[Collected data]
#####

(* Let $T\in\mathbb{R}$, $\tau>0$, $\gamma>0$, and define $f_\tau:\mathbb{R}\to\mathbb{R}$ by $f_\tau(x)=0$ if $x-T<-\tau/2$, $f_\tau(x)=\frac1\tau(x-T)+\frac12$ if $-\tau/2\le x-T\le\tau/2$, and $f_\tau(x)=1$ if $x-T>\tau/2$. Let $g_E(x,x')=e^{\gamma|x-x'|}$. Then the $g_E$-smooth sensitivity of $f_\tau$, $B^*(x)=\sup_{z\in\mathbb{R}}\frac{\mathrm{L}_{f_\tau,\infty}(z)}{g_E(x,z)}$, satisfies $B^*(x)=\max\left(\frac{1}{|x-T|+\tau/2},\ \frac1\tau e^{-\gamma(|x-T|-\tau/2)}\right)$ if $|x-T|>\tau/2$, and $B^*(x)=\frac1\tau$ if $|x-T|\le\tau/2$.
   Context: $\mathbb{R}$ carries the metric $|x-x'|$. For $x\in\mathbb{R}$, $\mathrm{L}_{f,\infty}(x)$ is the infimum of all $K$ such that $|f(x)-f(x')|\le K|x-x'|$ for all $x'\in\mathbb{R}$. *)

theory Defs
  imports Complex_Main
begin

definition local_lip_inf :: "(real \<Rightarrow> real) \<Rightarrow> real \<Rightarrow> real" where
  "local_lip_inf f x = Inf {K. \<forall>x'. \<bar>f x - f x'\<bar> \<le> K * \<bar>x - x'\<bar>}"

definition smooth_sensitivity ::
  "(real \<Rightarrow> real \<Rightarrow> real) \<Rightarrow> (real \<Rightarrow> real) \<Rightarrow> real \<Rightarrow> real" where
  "smooth_sensitivity g f x = (SUP z. local_lip_inf f z / g x z)"

definition f_ramp :: "real \<Rightarrow> real \<Rightarrow> real \<Rightarrow> real" where
  "f_ramp T \<tau> x = (if x - T < - \<tau> / 2 then 0
                    else if x - T \<le> \<tau> / 2 then (x - T) / \<tau> + 1 / 2
                    else 1)"

definition g_E :: "real \<Rightarrow> real \<Rightarrow> real \<Rightarrow> real" where
  "g_E \<gamma> x x' = exp (\<gamma> * \<bar>x - x'\<bar>)"

end

theory Submission
  imports Defs "HOL-Analysis.Analysis"
begin

text \<open>The local Lipschitz constant of the ramp at z is 1/\<tau> on the plateau
  |z - T| \<le> \<tau>/2 and 1/(|z - T| + \<tau>/2) outside it, the worst comparison point being the far
  end of the ramp. In the supremum of L(z) e^(-\<gamma>|x - z|), plateau points are dominated by the
  plateau point nearest to x, points farther from T than x by x itself, and the points in between
  by one of these two, because p \<mapsto> \<gamma>p - ln p is convex and so e^(\<gamma>p)/p is maximal at an
  endpoint of the interval.\<close>

lemma local_lip_inf_eqI:
  assumes bound: "\<And>x'. \<bar>f z - f x'\<bar> \<le> K * \<bar>z - x'\<bar>"
    and attained: "\<bar>f z - f w\<bar> = K * \<bar>z - w\<bar>" and "w \<noteq> z"
  shows "local_lip_inf f z = K"
  unfolding local_lip_inf_def
proof (rule cInf_eq_minimum)
  show "K \<in> {K. \<forall>x'. \<bar>f z - f x'\<bar> \<le> K * \<bar>z - x'\<bar>}"
    using bound by simp
next
  fix K' assume "K' \<in> {K. \<forall>x'. \<bar>f z - f x'\<bar> \<le> K * \<bar>z - x'\<bar>}"
  then have "K * \<bar>z - w\<bar> \<le> K' * \<bar>z - w\<bar>"
    unfolding attained[symmetric] by simp
  then show "K \<le> K'"
    using \<open>w \<noteq> z\<close> by simp
qed

lemma exp_div_le_max_endpoints:
  fixes a p b g :: real
  assumes "0 < a" "a \<le> p" "p \<le> b"
  shows "exp (g * p) / p \<le> max (exp (g * a) / a) (exp (g * b) / b)"
proof -
  have "concave_on {a..b} ln"
    unfolding concave_on_def using assms(1)
    by (intro convex_on_subset[OF ln_concave[unfolded concave_on_def]]) auto
  moreover have "convex_on {a..b} (\<lambda>t. g * t)"
    by (auto simp: convex_on_def algebra_simps)
  ultimately have "convex_on {a..b} (\<lambda>t. g * t - ln t)"
    by (intro convex_on_diff)
  then have "g * p - ln p \<le> max (g * a - ln a) (g * b - ln b)"
    using assms by (intro convex_on_le_max) auto
  then have "exp (g * p - ln p) \<le> max (exp (g * a - ln a)) (exp (g * b - ln b))"
    by (simp add: max_def split: if_splits)
  then show ?thesis
    using assms by (simp add: exp_diff)
qed

lemma f_ramp_eq_clamp:
  assumes "\<tau> > 0"
  shows "f_ramp T \<tau> x = max 0 (min 1 ((x - T) / \<tau> + 1 / 2))"
  using assms by (auto simp: f_ramp_def field_simps)

lemma f_ramp_lipschitz:
  assumes "\<tau> > 0"
  shows "\<bar>f_ramp T \<tau> a - f_ramp T \<tau> b\<bar> \<le> \<bar>a - b\<bar> / \<tau>"
proof -
  have "\<bar>max 0 (min 1 s) - max 0 (min 1 t)\<bar> \<le> \<bar>s - t\<bar>" for s t :: real
    by (auto simp: max_def min_def)
  then have "\<bar>f_ramp T \<tau> a - f_ramp T \<tau> b\<bar> \<le> \<bar>(a - T) / \<tau> - (b - T) / \<tau>\<bar>"
    unfolding f_ramp_eq_clamp[OF assms] by (metis add_diff_cancel_right)
  also have "\<dots> = \<bar>a - b\<bar> / \<tau>"
    using assms by (simp add: diff_divide_distrib[symmetric])
  finally show ?thesis .
qed

lemma f_ramp_reflect:
  assumes "\<tau> > 0"
  shows "f_ramp T \<tau> x = 1 - f_ramp (- T) \<tau> (- x)"
  using assms by (auto simp: f_ramp_def field_simps)

lemma f_ramp_bound_right:
  assumes "\<tau> > 0" and "\<tau> / 2 < z - T"
  shows "\<bar>f_ramp T \<tau> z - f_ramp T \<tau> v\<bar> \<le> \<bar>z - v\<bar> / (z - T + \<tau> / 2)"
proof -
  define d where "d = z - T + \<tau> / 2"
  have "d > \<tau>"
    using assms by (simp add: d_def)
  have fz: "f_ramp T \<tau> z = 1"
    using assms by (simp add: f_ramp_def)
  consider "v < T - \<tau> / 2" | "T - \<tau> / 2 \<le> v" "v \<le> T + \<tau> / 2" | "T + \<tau> / 2 < v"
    by linarith
  then have "d * \<bar>1 - f_ramp T \<tau> v\<bar> \<le> \<bar>z - v\<bar>"
  proof cases
    case 1
    then show ?thesis
      by (simp add: f_ramp_def d_def)
  next
    case 2
    \<comment> \<open>the ramp's slope 1/\<tau> exceeds the slope 1/d of the chord from (T - \<tau>/2, 0) to (z, 1)\<close>
    have "d * (T + \<tau> / 2 - v) \<le> \<tau> * (z - v)"
    proof -
      have "\<tau> * (z - v) - d * (T + \<tau> / 2 - v) = (d - \<tau>) * (v - (T - \<tau> / 2))"
        by (simp add: d_def algebra_simps)
      moreover have "(d - \<tau>) * (v - (T - \<tau> / 2)) \<ge> 0"
        using 2 \<open>d > \<tau>\<close> by simp
      ultimately show ?thesis
        by linarith
    qed
    then have "d * ((T + \<tau> / 2 - v) / \<tau>) \<le> z - v"
      using assms(1) by (simp add: pos_divide_le_eq mult.commute)
    moreover have "\<bar>1 - f_ramp T \<tau> v\<bar> = (T + \<tau> / 2 - v) / \<tau>"
      using 2 assms(1) by (simp add: f_ramp_def field_simps)
    ultimately show ?thesis
      using 2 assms by simp
  next
    case 3
    then show ?thesis
      using assms(1) by (simp add: f_ramp_def)
  qed
  then show ?thesis
    using fz \<open>d > \<tau>\<close> assms(1) by (simp add: d_def pos_le_divide_eq mult.commute)
qed

definition ramp_slope :: "real \<Rightarrow> real \<Rightarrow> real \<Rightarrow> real" where
  "ramp_slope T \<tau> z = 1 / max \<tau> (\<bar>z - T\<bar> + \<tau> / 2)"

lemma ramp_slope_inside: "\<bar>z - T\<bar> \<le> \<tau> / 2 \<Longrightarrow> ramp_slope T \<tau> z = 1 / \<tau>"
  by (simp add: ramp_slope_def max_def)

lemma ramp_slope_outside: "\<tau> / 2 \<le> \<bar>z - T\<bar> \<Longrightarrow> ramp_slope T \<tau> z = 1 / (\<bar>z - T\<bar> + \<tau> / 2)"
  by (simp add: ramp_slope_def max_def)

lemma f_ramp_slope_bound:
  assumes "\<tau> > 0"
  shows "\<bar>f_ramp T \<tau> z - f_ramp T \<tau> v\<bar> \<le> ramp_slope T \<tau> z * \<bar>z - v\<bar>"
proof -
  consider "\<bar>z - T\<bar> \<le> \<tau> / 2" | "\<tau> / 2 < z - T" | "\<tau> / 2 < T - z"
    by linarith
  then show ?thesis
  proof cases
    case 1
    then show ?thesis
      using f_ramp_lipschitz[OF assms] by (simp add: ramp_slope_inside)
  next
    case 2
    then have "ramp_slope T \<tau> z = 1 / (z - T + \<tau> / 2)"
      using assms ramp_slope_outside[of \<tau> z T] by simp
    then show ?thesis
      using f_ramp_bound_right[OF assms 2] by simp
  next
    case 3
    then have "\<bar>f_ramp (- T) \<tau> (- z) - f_ramp (- T) \<tau> (- v)\<bar> \<le> \<bar>z - v\<bar> / (T - z + \<tau> / 2)"
      using f_ramp_bound_right[OF assms, where T = "- T" and z = "- z" and v = "- v"]
      by (simp add: abs_minus_commute)
    moreover have "ramp_slope T \<tau> z = 1 / (T - z + \<tau> / 2)"
      using 3 assms ramp_slope_outside[of \<tau> z T] by simp
    ultimately show ?thesis
      using f_ramp_reflect[OF assms, of T z] f_ramp_reflect[OF assms, of T v] by simp
  qed
qed

lemma local_lip_inf_f_ramp:
  assumes "\<tau> > 0"
  shows "local_lip_inf (f_ramp T \<tau>) z = ramp_slope T \<tau> z"
proof (rule local_lip_inf_eqI)
  show "\<bar>f_ramp T \<tau> z - f_ramp T \<tau> v\<bar> \<le> ramp_slope T \<tau> z * \<bar>z - v\<bar>" for v
    using f_ramp_slope_bound[OF assms] .
  let ?w = "if z \<le> T then T + \<tau> / 2 else T - \<tau> / 2"
  show "?w \<noteq> z"
    using assms by auto
  show "\<bar>f_ramp T \<tau> z - f_ramp T \<tau> ?w\<bar> = ramp_slope T \<tau> z * \<bar>z - ?w\<bar>"
    using assms
    by (cases "\<bar>z - T\<bar> \<le> \<tau> / 2")
      (auto simp: f_ramp_def ramp_slope_inside ramp_slope_outside abs_if field_simps split: if_splits)
qed

lemma ramp_slope_weighted_le:
  assumes "\<tau> > 0" and "\<gamma> > 0"
  shows "ramp_slope T \<tau> z / exp (\<gamma> * \<bar>x - z\<bar>)
    \<le> max (ramp_slope T \<tau> x) (exp (- \<gamma> * max 0 (\<bar>x - T\<bar> - \<tau> / 2)) / \<tau>)"
    (is "?h z \<le> max (ramp_slope T \<tau> x) ?M")
proof -
  have triangle: "\<bar>x - T\<bar> - \<bar>z - T\<bar> \<le> \<bar>x - z\<bar>"
    by linarith
  consider "\<bar>z - T\<bar> \<le> \<tau> / 2" | "\<bar>x - T\<bar> \<le> \<bar>z - T\<bar>" | "\<tau> / 2 < \<bar>z - T\<bar>" "\<bar>z - T\<bar> < \<bar>x - T\<bar>"
    by linarith
  then show ?thesis
  proof cases
    case 1
    then have "exp (- \<gamma> * \<bar>x - z\<bar>) \<le> exp (- \<gamma> * max 0 (\<bar>x - T\<bar> - \<tau> / 2))"
      using triangle assms(2) by simp
    then have "?h z \<le> ?M"
      using 1 assms(1) by (simp add: ramp_slope_inside exp_minus divide_right_mono field_simps)
    then show ?thesis
      by simp
  next
    case 2
    have "?h z \<le> ramp_slope T \<tau> z"
      using assms by (simp add: ramp_slope_def divide_le_eq)
    also have "\<dots> \<le> ramp_slope T \<tau> x"
      using 2 assms(1) unfolding ramp_slope_def by (intro divide_left_mono) auto
    finally show ?thesis
      by simp
  next
    case 3
    define p where "p = \<bar>z - T\<bar> + \<tau> / 2"
    define P where "P = \<bar>x - T\<bar> + \<tau> / 2"
    have "\<tau> \<le> p" "p \<le> P"
      using 3 by (simp_all add: p_def P_def)
    have "?h z \<le> (1 / p) / exp (\<gamma> * (P - p))"
      using 3 triangle assms by (simp add: ramp_slope_outside p_def P_def frac_le)
    also have "\<dots> = exp (\<gamma> * p) / p * exp (- \<gamma> * P)"
      by (simp add: exp_diff exp_minus field_simps)
    also have "\<dots> \<le> max (exp (\<gamma> * \<tau>) / \<tau>) (exp (\<gamma> * P) / P) * exp (- \<gamma> * P)"
      using \<open>\<tau> \<le> p\<close> \<open>p \<le> P\<close> assms(1)
      by (intro mult_right_mono exp_div_le_max_endpoints) auto
    also have "\<dots> = max (exp (\<gamma> * \<tau>) / \<tau> * exp (- \<gamma> * P)) (exp (\<gamma> * P) / P * exp (- \<gamma> * P))"
      by (simp add: max_mult_distrib_right)
    also have "\<dots> = max ?M (1 / P)"
      using 3 by (simp add: P_def mult_exp_exp algebra_simps)
    also have "\<dots> = max ?M (ramp_slope T \<tau> x)"
      using 3 by (simp add: ramp_slope_outside P_def)
    finally show ?thesis
      by (simp add: max.commute)
  qed
qed

lemma smooth_sensitivity_f_ramp:
  assumes "\<tau> > 0" and "\<gamma> > 0"
  shows "smooth_sensitivity (g_E \<gamma>) (f_ramp T \<tau>) x
    = max (ramp_slope T \<tau> x) (exp (- \<gamma> * max 0 (\<bar>x - T\<bar> - \<tau> / 2)) / \<tau>)"
proof -
  define h where "h z = ramp_slope T \<tau> z / exp (\<gamma> * \<bar>x - z\<bar>)" for z
  define p where "p = max (T - \<tau> / 2) (min (T + \<tau> / 2) x)"
  have hx: "h x = ramp_slope T \<tau> x"
    by (simp add: h_def)
  have hp: "h p = exp (- \<gamma> * max 0 (\<bar>x - T\<bar> - \<tau> / 2)) / \<tau>"
  proof -
    have "\<bar>p - T\<bar> \<le> \<tau> / 2" "\<bar>x - p\<bar> = max 0 (\<bar>x - T\<bar> - \<tau> / 2)"
      using assms(1) by (auto simp: p_def abs_if max_def min_def)
    then show ?thesis
      by (simp add: h_def ramp_slope_inside exp_minus field_simps)
  qed
  have "smooth_sensitivity (g_E \<gamma>) (f_ramp T \<tau>) x = Sup (range h)"
    by (simp add: smooth_sensitivity_def g_E_def local_lip_inf_f_ramp[OF assms(1)] h_def)
  also have "\<dots> = max (h x) (h p)"
  proof (rule cSup_eq_maximum)
    show "max (h x) (h p) \<in> range h"
      by (simp add: max_def)
    show "y \<le> max (h x) (h p)" if "y \<in> range h" for y
      using that ramp_slope_weighted_le[OF assms] unfolding hx hp by (auto simp: h_def)
  qed
  finally show ?thesis
    by (simp only: hx hp)
qed

theorem mainTheorem8:
  fixes T \<tau> \<gamma> x :: real
  assumes "\<tau> > 0" and "\<gamma> > 0"
  shows "(\<bar>x - T\<bar> > \<tau> / 2 \<longrightarrow>
            smooth_sensitivity (g_E \<gamma>) (f_ramp T \<tau>) x =
              max (1 / (\<bar>x - T\<bar> + \<tau> / 2)) ((1 / \<tau>) * exp (- \<gamma> * (\<bar>x - T\<bar> - \<tau> / 2))))
       \<and> (\<bar>x - T\<bar> \<le> \<tau> / 2 \<longrightarrow>
            smooth_sensitivity (g_E \<gamma>) (f_ramp T \<tau>) x = 1 / \<tau>)"
  using smooth_sensitivity_f_ramp[OF assms, of T x]
  by (auto simp: ramp_slope_inside ramp_slope_outside)

end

#####

Every line above that holds the word "split" should be copied out.

◆ **TASK RESPONSE**
    by (simp add: max_def split: if_splits)
      (auto simp: f_ramp_def ramp_slope_inside ramp_slope_outside abs_if field_simps split: if_splits)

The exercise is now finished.